Task brief:
Repeat all of the data exactly. Leave nothing out.

Provided entries:
(* Let $G$ be a finite group with $|G|\ge 3$. (1) For every subset $G_0\subset G$, the inclusion $\mathcal B(G_0)\subset\mathcal F(G_0)$ is cofinal and $\mathcal B(G_0)$ is a C-monoid. (2) $\mathsf v_g(\mathcal B(G))=\mathbb N_0$ for all $g\in G$; the embedding $\widehat{\mathcal B(G)}\hookrightarrow\mathcal F(G)$ is a divisor theory, and the map $\Phi:\mathsf q(\mathcal F(G))/\mathsf q(\mathcal B(G))\to G/G'$, $S\,\mathsf q(\mathcal B(G))\mapsto gG'$ for $S\in\mathcal F(G)$ and $g\in\pi(S)$, is a well-defined group isomorphism; here $\mathsf q(\mathcal F(G))/\mathsf q(\mathcal B(G))$ is the class group of the Krull monoid $\widehat{\mathcal B(G)}$. (3) There is a semigroup epimorphism from the class semigroup $\mathcal C(\mathcal B(G),\mathcal F(G))$ onto $G/G'$.
   Context: Let $G$ be a finite group written multiplicatively with identity $1_G$, and $G'$ its commutator subgroup. For $G_0\subset G$, $\mathcal F(G_0)$ is the free abelian monoid with basis $G_0$ (sequences $S=g_1\boldsymbol{\cdot}\ldots\boldsymbol{\cdot}g_\ell$, operation $\boldsymbol{\cdot}$), $\mathsf v_g(S)$ is the multiplicity of $g$ in $S$, $\pi(S)=\{g_{\tau(1)}\cdots g_{\tau(\ell)}:\tau\text{ a permutation}\}$ ($\pi$ of the empty sequence is $\{1_G\}$), and $\mathcal B(G_0)=\{S\in\mathcal F(G_0):1_G\in\pi(S)\}$. For a monoid $H$, $\mathsf q(H)$ is its quotient group and $\widehat H=\{x\in\mathsf q(H):\exists c\in H\ \forall n\in\mathbb N:\ cx^n\in H\}$ its complete integral closure. A submonoid $H\subset F$ is cofinal if every $\alpha\in F$ divides some element of $H$ in $F$. A homomorphism $\varphi:H\to D$ is a divisor theory if $D$ is free abelian, $\varphi(a)\mid\varphi(b)$ implies $a\mid b$, and every $\alpha\in D$ is the gcd of finitely many elements of $\varphi(H)$. For a submonoid $H$ of a monoid $F$, $y,y'\in F$ are $H$-equivalent if $y^{-1}H\cap F=y'^{-1}H\cap F$; this is a congruence, the set of classes $\mathcal C(H,F)$ is the class semigroup, and $\mathcal C^*(H,F)$ is the subsemigroup of classes of elements of $(F\setminus F^\times)\cup\{1\}$. $H$ is a C-monoid if it is a submonoid of a factorial monoid $F$ with $H\cap F^\times=H^\times$ and $\mathcal C^*(H,F)$ finite. *)

theory Defs
  imports "HOL-Algebra.Algebra" "HOL-Library.Multiset"
begin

Solved problem:
(* Let $G$ be a finite group with $|G|\ge 3$. (1) For every subset $G_0\subset G$, the inclusion $\mathcal B(G_0)\subset\mathcal F(G_0)$ is cofinal and $\mathcal B(G_0)$ is a C-monoid. (2) $\mathsf v_g(\mathcal B(G))=\mathbb N_0$ for all $g\in G$; the embedding $\widehat{\mathcal B(G)}\hookrightarrow\mathcal F(G)$ is a divisor theory, and the map $\Phi:\mathsf q(\mathcal F(G))/\mathsf q(\mathcal B(G))\to G/G'$, $S\,\mathsf q(\mathcal B(G))\mapsto gG'$ for $S\in\mathcal F(G)$ and $g\in\pi(S)$, is a well-defined group isomorphism; here $\mathsf q(\mathcal F(G))/\mathsf q(\mathcal B(G))$ is the class group of the Krull monoid $\widehat{\mathcal B(G)}$. (3) There is a semigroup epimorphism from the class semigroup $\mathcal C(\mathcal B(G),\mathcal F(G))$ onto $G/G'$.
   Context: Let $G$ be a finite group written multiplicatively with identity $1_G$, and $G'$ its commutator subgroup. For $G_0\subset G$, $\mathcal F(G_0)$ is the free abelian monoid with basis $G_0$ (sequences $S=g_1\boldsymbol{\cdot}\ldots\boldsymbol{\cdot}g_\ell$, operation $\boldsymbol{\cdot}$), $\mathsf v_g(S)$ is the multiplicity of $g$ in $S$, $\pi(S)=\{g_{\tau(1)}\cdots g_{\tau(\ell)}:\tau\text{ a permutation}\}$ ($\pi$ of the empty sequence is $\{1_G\}$), and $\mathcal B(G_0)=\{S\in\mathcal F(G_0):1_G\in\pi(S)\}$. For a monoid $H$, $\mathsf q(H)$ is its quotient group and $\widehat H=\{x\in\mathsf q(H):\exists c\in H\ \forall n\in\mathbb N:\ cx^n\in H\}$ its complete integral closure. A submonoid $H\subset F$ is cofinal if every $\alpha\in F$ divides some element of $H$ in $F$. A homomorphism $\varphi:H\to D$ is a divisor theory if $D$ is free abelian, $\varphi(a)\mid\varphi(b)$ implies $a\mid b$, and every $\alpha\in D$ is the gcd of finitely many elements of $\varphi(H)$. For a submonoid $H$ of a monoid $F$, $y,y'\in F$ are $H$-equivalent if $y^{-1}H\cap F=y'^{-1}H\cap F$; this is a congruence, the set of classes $\mathcal C(H,F)$ is the class semigroup, and $\mathcal C^*(H,F)$ is the subsemigroup of classes of elements of $(F\setminus F^\times)\cup\{1\}$. $H$ is a C-monoid if it is a submonoid of a factorial monoid $F$ with $H\cap F^\times=H^\times$ and $\mathcal C^*(H,F)$ finite. *)

theory Defs
  imports "HOL-Algebra.Algebra" "HOL-Library.Multiset"
begin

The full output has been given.